--- START ---
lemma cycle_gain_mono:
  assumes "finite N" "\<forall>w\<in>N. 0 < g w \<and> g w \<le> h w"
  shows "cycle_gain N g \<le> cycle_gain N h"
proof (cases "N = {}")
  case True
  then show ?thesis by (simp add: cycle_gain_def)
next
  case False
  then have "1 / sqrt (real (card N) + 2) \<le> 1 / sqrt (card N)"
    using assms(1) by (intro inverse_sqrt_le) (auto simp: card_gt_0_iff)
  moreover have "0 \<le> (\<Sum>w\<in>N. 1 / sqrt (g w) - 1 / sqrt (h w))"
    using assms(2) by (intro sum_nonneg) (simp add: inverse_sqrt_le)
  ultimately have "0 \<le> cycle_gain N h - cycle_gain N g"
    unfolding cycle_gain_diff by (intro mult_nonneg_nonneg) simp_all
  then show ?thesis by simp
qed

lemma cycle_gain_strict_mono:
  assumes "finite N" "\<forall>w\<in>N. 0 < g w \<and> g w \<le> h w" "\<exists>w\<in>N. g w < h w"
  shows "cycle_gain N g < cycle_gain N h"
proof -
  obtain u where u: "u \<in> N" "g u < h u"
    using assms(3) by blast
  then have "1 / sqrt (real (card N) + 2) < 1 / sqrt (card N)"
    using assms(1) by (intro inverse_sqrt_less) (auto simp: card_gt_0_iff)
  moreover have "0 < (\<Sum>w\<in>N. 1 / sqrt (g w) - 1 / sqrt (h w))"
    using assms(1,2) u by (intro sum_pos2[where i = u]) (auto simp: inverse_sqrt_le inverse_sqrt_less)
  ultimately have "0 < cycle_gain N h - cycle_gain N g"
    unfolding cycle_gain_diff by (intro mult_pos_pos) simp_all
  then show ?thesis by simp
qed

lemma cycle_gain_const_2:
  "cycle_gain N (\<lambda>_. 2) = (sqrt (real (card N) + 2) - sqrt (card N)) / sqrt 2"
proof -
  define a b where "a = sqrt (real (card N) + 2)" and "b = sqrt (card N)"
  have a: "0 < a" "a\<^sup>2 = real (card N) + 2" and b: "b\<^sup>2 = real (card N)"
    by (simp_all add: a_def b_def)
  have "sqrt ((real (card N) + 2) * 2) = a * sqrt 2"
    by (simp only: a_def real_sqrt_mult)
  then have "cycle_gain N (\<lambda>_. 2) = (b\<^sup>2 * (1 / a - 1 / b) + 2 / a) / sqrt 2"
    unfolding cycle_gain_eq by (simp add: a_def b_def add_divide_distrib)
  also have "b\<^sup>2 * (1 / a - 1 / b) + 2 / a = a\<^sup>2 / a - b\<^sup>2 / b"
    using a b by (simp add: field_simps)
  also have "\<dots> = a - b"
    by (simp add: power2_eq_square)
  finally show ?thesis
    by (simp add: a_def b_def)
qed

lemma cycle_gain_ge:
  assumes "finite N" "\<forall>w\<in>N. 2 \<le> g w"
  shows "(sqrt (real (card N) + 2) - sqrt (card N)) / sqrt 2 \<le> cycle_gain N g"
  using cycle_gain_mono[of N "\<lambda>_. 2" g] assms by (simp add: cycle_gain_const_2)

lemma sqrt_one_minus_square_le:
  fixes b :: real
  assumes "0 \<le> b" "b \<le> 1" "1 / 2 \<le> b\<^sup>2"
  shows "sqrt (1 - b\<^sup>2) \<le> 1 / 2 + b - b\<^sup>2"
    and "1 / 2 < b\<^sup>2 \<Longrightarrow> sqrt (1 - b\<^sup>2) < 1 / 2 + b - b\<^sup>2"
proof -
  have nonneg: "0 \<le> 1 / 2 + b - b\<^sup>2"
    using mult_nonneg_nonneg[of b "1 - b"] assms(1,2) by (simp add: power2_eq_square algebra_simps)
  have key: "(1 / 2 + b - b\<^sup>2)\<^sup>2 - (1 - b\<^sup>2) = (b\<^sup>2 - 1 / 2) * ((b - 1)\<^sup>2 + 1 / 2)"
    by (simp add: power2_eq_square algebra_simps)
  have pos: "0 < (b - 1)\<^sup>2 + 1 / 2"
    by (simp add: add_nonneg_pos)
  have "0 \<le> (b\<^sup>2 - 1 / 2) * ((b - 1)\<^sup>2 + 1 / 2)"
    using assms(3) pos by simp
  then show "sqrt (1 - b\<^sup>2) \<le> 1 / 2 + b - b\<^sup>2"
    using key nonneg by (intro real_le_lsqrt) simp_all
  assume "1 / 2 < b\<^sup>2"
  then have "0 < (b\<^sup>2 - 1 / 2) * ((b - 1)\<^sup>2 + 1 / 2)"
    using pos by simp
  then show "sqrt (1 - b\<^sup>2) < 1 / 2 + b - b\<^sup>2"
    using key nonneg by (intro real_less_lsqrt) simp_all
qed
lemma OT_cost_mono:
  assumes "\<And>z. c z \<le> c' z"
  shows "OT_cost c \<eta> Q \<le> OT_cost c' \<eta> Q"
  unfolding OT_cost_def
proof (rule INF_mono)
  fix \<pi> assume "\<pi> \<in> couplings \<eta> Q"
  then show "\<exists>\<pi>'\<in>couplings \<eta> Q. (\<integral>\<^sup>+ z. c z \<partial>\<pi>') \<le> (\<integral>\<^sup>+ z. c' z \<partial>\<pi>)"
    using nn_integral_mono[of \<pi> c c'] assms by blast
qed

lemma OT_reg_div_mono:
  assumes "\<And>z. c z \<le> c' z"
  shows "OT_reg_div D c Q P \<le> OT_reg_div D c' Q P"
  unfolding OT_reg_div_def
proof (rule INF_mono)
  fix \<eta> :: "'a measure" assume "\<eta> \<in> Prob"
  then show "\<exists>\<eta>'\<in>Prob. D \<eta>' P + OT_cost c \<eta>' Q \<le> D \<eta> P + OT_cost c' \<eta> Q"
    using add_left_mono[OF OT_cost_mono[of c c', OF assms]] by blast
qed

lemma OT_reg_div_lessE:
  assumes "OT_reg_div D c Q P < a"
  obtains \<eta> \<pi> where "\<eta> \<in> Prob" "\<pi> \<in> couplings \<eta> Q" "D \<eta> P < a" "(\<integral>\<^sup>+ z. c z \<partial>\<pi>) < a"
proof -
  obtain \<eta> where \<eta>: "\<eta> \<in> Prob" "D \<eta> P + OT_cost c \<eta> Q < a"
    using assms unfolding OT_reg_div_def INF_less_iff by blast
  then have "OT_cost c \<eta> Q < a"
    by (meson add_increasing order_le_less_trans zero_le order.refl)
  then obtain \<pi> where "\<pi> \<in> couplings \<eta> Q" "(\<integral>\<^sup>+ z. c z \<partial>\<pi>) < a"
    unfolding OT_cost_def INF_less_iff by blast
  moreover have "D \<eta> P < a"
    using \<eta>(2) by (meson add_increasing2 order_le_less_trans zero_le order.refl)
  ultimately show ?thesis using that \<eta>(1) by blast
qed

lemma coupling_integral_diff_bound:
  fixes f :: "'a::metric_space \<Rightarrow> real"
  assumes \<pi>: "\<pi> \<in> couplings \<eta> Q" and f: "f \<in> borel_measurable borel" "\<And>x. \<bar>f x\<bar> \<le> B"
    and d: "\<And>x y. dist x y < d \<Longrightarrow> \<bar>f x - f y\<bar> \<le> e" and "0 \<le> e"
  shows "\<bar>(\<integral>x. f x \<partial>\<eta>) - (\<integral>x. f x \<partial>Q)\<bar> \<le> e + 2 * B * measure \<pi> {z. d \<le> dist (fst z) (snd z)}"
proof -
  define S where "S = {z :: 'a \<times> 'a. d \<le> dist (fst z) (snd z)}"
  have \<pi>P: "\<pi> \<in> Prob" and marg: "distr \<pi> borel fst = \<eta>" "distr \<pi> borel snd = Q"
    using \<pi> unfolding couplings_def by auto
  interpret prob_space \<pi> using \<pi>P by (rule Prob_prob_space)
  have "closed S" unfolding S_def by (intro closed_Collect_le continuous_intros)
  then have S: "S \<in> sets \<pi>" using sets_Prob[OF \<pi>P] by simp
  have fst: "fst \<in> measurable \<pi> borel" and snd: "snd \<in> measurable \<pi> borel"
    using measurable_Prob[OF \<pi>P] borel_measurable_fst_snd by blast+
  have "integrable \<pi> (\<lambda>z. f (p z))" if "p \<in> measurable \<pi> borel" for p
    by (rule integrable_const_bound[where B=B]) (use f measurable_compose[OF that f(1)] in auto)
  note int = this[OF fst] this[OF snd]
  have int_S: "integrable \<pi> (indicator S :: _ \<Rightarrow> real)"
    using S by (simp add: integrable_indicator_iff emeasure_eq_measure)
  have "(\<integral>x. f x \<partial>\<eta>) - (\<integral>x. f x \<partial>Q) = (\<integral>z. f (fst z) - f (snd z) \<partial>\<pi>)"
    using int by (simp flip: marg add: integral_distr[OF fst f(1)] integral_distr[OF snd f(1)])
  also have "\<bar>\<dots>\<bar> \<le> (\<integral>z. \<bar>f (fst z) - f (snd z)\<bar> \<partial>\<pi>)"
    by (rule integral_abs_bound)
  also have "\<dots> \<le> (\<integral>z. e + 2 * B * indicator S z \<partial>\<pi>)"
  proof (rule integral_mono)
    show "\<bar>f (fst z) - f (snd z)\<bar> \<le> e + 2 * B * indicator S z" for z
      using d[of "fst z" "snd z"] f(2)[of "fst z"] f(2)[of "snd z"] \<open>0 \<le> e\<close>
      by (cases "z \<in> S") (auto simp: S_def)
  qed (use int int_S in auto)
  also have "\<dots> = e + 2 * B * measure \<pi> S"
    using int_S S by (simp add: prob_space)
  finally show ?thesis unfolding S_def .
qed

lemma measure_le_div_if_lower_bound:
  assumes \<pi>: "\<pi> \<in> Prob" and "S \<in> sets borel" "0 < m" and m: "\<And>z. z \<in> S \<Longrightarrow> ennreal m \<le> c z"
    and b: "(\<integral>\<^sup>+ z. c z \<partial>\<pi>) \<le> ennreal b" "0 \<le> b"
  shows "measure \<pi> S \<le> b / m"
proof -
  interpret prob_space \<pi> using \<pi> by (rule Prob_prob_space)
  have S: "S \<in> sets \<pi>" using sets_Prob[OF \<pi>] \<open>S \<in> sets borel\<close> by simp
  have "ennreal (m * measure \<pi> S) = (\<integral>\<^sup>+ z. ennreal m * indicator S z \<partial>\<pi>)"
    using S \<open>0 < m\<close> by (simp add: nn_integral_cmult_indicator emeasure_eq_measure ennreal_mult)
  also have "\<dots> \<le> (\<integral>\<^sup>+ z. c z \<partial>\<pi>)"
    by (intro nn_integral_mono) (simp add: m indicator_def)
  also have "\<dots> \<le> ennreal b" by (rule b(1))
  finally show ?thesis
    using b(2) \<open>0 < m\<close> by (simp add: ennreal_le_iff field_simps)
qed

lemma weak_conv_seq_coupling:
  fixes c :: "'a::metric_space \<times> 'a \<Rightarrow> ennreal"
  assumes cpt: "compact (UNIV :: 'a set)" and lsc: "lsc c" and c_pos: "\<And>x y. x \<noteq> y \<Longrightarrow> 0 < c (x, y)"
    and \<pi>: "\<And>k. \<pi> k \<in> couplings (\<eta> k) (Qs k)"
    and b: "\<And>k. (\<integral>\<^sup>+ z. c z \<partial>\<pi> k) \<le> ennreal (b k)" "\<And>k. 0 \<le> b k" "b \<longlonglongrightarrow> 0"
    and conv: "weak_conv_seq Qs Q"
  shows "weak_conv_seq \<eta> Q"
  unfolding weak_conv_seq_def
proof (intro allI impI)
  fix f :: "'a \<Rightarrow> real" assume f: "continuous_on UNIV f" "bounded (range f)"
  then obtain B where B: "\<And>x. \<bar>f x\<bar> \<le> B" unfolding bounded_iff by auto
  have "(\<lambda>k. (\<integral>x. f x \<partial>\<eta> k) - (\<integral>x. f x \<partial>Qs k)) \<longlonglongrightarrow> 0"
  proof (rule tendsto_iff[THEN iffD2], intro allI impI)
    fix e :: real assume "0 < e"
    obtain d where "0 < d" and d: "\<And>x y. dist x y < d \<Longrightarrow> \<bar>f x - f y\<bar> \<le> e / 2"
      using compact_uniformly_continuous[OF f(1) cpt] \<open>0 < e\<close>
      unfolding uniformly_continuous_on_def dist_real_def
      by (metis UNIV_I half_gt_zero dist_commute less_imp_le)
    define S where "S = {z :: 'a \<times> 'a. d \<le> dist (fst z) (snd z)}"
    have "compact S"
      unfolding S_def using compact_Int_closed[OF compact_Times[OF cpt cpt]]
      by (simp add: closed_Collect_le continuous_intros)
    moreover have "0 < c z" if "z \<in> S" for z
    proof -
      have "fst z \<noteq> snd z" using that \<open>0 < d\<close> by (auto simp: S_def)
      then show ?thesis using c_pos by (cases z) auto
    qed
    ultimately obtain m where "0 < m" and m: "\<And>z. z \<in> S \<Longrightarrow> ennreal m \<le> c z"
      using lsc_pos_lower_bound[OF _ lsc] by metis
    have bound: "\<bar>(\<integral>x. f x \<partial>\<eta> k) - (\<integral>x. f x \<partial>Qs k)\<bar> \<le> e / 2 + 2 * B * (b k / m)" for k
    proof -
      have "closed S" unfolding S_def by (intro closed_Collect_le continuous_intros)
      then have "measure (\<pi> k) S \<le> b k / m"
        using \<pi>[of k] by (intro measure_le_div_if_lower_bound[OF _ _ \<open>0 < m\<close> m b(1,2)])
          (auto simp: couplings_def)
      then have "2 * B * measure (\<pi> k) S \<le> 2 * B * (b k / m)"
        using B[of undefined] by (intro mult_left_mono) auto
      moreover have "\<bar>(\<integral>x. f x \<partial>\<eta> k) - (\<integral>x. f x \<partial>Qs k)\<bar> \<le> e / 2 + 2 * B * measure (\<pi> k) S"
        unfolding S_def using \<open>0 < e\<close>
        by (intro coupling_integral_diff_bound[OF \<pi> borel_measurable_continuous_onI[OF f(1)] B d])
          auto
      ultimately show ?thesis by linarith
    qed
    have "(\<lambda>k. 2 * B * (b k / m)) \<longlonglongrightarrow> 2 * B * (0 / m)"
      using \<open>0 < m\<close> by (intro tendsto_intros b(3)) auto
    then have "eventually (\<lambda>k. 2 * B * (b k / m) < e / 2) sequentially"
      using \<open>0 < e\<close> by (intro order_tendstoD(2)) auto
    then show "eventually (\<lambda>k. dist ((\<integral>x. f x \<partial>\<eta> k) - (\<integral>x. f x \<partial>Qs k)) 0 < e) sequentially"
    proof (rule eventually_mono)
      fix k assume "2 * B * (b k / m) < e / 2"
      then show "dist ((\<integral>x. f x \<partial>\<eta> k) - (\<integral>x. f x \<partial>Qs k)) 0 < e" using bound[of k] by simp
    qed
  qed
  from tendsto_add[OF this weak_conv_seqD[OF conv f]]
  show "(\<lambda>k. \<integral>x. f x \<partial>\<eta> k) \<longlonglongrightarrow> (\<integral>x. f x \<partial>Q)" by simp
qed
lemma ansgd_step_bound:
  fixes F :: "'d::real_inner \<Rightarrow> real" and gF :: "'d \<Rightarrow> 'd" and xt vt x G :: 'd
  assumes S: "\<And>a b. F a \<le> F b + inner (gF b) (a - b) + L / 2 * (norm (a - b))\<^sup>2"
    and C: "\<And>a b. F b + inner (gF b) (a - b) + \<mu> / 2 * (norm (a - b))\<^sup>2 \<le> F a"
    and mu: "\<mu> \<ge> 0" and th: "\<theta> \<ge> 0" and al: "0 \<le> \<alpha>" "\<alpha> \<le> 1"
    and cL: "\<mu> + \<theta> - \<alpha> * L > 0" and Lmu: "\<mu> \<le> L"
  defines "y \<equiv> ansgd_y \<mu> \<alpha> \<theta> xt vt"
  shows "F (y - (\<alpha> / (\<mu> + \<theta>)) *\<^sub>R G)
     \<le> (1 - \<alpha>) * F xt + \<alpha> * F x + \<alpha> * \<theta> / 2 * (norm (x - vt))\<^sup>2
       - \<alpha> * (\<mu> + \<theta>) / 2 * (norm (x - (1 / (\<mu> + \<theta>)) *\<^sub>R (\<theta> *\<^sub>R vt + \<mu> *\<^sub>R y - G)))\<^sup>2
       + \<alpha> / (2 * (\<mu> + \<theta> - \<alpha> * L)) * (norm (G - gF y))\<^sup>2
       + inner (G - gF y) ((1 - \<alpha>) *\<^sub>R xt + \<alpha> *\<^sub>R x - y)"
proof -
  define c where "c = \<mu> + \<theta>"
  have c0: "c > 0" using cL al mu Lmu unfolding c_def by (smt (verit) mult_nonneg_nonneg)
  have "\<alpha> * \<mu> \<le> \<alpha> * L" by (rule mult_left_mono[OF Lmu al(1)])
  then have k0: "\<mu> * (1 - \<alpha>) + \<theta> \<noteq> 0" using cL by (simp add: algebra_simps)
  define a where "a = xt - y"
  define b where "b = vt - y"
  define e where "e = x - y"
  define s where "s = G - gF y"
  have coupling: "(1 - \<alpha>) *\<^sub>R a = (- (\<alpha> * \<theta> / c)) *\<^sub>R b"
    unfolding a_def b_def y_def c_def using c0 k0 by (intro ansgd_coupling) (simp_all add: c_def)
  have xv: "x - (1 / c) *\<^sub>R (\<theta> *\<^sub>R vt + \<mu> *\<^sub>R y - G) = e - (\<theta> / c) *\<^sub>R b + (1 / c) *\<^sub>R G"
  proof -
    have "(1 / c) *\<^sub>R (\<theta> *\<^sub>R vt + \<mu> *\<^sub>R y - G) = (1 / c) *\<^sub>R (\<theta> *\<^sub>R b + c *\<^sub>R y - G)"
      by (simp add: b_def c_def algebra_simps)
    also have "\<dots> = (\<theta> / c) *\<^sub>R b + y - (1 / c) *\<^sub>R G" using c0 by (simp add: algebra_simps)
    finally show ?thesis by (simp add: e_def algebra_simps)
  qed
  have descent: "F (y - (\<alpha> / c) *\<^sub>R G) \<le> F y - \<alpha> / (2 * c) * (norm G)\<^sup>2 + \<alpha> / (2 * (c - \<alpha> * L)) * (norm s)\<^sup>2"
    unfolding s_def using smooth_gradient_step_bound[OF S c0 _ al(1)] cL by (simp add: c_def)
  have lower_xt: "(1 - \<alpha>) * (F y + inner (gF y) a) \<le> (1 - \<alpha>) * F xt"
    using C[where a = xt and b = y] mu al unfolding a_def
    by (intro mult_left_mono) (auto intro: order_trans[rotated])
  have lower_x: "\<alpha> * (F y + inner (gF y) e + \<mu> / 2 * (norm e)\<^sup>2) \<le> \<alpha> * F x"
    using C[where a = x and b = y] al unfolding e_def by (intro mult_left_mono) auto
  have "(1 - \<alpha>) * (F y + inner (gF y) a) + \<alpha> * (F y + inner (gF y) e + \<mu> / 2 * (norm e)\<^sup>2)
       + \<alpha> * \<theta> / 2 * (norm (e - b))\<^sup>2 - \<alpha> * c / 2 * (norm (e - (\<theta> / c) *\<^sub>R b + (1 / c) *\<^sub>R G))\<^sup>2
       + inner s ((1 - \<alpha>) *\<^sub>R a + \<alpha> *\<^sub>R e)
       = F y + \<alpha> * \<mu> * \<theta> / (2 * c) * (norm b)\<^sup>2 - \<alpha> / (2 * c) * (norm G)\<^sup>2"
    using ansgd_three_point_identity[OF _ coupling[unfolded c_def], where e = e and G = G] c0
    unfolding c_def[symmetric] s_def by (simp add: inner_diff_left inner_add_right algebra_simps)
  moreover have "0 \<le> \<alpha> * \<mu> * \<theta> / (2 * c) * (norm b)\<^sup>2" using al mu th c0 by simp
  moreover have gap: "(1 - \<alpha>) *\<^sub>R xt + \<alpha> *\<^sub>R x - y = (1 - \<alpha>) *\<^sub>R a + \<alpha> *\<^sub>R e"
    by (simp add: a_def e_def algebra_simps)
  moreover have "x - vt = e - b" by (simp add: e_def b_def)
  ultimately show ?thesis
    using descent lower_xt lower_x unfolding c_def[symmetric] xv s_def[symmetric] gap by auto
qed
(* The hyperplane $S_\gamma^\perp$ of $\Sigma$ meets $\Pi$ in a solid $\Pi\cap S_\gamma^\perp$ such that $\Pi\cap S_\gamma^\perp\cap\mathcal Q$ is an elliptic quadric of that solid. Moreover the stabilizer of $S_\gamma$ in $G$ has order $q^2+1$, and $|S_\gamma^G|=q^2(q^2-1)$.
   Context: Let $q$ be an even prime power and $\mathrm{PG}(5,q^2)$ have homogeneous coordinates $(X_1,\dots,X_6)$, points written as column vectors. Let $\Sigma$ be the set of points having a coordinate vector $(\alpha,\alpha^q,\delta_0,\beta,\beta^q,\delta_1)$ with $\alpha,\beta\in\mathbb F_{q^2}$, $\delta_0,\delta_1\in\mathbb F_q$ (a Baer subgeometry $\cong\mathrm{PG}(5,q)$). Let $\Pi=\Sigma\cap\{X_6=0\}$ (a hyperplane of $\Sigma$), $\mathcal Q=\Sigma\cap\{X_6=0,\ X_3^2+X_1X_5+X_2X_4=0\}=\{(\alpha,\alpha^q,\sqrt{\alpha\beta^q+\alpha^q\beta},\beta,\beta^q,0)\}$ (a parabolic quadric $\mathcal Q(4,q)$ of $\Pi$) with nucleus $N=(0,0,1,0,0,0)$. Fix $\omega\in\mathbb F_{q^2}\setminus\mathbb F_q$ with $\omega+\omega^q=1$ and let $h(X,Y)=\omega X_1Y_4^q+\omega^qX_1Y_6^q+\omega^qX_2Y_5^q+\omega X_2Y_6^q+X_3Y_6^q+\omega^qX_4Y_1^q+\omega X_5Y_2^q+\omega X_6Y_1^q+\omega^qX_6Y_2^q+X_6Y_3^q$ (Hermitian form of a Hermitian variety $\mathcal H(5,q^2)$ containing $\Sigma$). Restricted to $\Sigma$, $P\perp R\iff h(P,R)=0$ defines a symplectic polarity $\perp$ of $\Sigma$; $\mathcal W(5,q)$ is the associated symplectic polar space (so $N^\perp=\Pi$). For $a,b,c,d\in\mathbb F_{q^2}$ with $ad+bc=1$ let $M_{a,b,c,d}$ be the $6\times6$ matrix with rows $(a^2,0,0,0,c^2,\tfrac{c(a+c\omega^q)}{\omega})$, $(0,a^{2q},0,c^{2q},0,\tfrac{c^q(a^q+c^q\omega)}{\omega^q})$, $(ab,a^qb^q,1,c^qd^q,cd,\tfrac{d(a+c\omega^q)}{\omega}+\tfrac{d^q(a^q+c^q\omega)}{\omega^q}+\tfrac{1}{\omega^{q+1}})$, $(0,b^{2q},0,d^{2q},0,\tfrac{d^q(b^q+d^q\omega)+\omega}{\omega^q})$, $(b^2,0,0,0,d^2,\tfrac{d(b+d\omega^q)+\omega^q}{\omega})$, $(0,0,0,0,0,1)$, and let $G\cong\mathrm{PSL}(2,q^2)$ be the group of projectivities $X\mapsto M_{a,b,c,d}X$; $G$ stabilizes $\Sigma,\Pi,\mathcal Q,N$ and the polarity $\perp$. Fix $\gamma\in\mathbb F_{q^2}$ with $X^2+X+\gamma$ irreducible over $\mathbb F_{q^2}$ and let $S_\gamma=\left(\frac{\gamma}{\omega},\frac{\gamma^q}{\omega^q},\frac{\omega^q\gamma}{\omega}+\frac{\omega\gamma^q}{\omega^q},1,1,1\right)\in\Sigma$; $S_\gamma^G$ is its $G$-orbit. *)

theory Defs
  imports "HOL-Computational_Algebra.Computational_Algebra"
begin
--- END ---
_Directions_: Take the lines above from the one containing "- \<alpha> * (\<mu>" to the one containing "unfolding a_def b_def" and retype them exactly, both ends included, with nothing added.

_The completed task_:
       - \<alpha> * (\<mu> + \<theta>) / 2 * (norm (x - (1 / (\<mu> + \<theta>)) *\<^sub>R (\<theta> *\<^sub>R vt + \<mu> *\<^sub>R y - G)))\<^sup>2
       + \<alpha> / (2 * (\<mu> + \<theta> - \<alpha> * L)) * (norm (G - gF y))\<^sup>2
       + inner (G - gF y) ((1 - \<alpha>) *\<^sub>R xt + \<alpha> *\<^sub>R x - y)"
proof -
  define c where "c = \<mu> + \<theta>"
  have c0: "c > 0" using cL al mu Lmu unfolding c_def by (smt (verit) mult_nonneg_nonneg)
  have "\<alpha> * \<mu> \<le> \<alpha> * L" by (rule mult_left_mono[OF Lmu al(1)])
  then have k0: "\<mu> * (1 - \<alpha>) + \<theta> \<noteq> 0" using cL by (simp add: algebra_simps)
  define a where "a = xt - y"
  define b where "b = vt - y"
  define e where "e = x - y"
  define s where "s = G - gF y"
  have coupling: "(1 - \<alpha>) *\<^sub>R a = (- (\<alpha> * \<theta> / c)) *\<^sub>R b"
    unfolding a_def b_def y_def c_def using c0 k0 by (intro ansgd_coupling) (simp_all add: c_def)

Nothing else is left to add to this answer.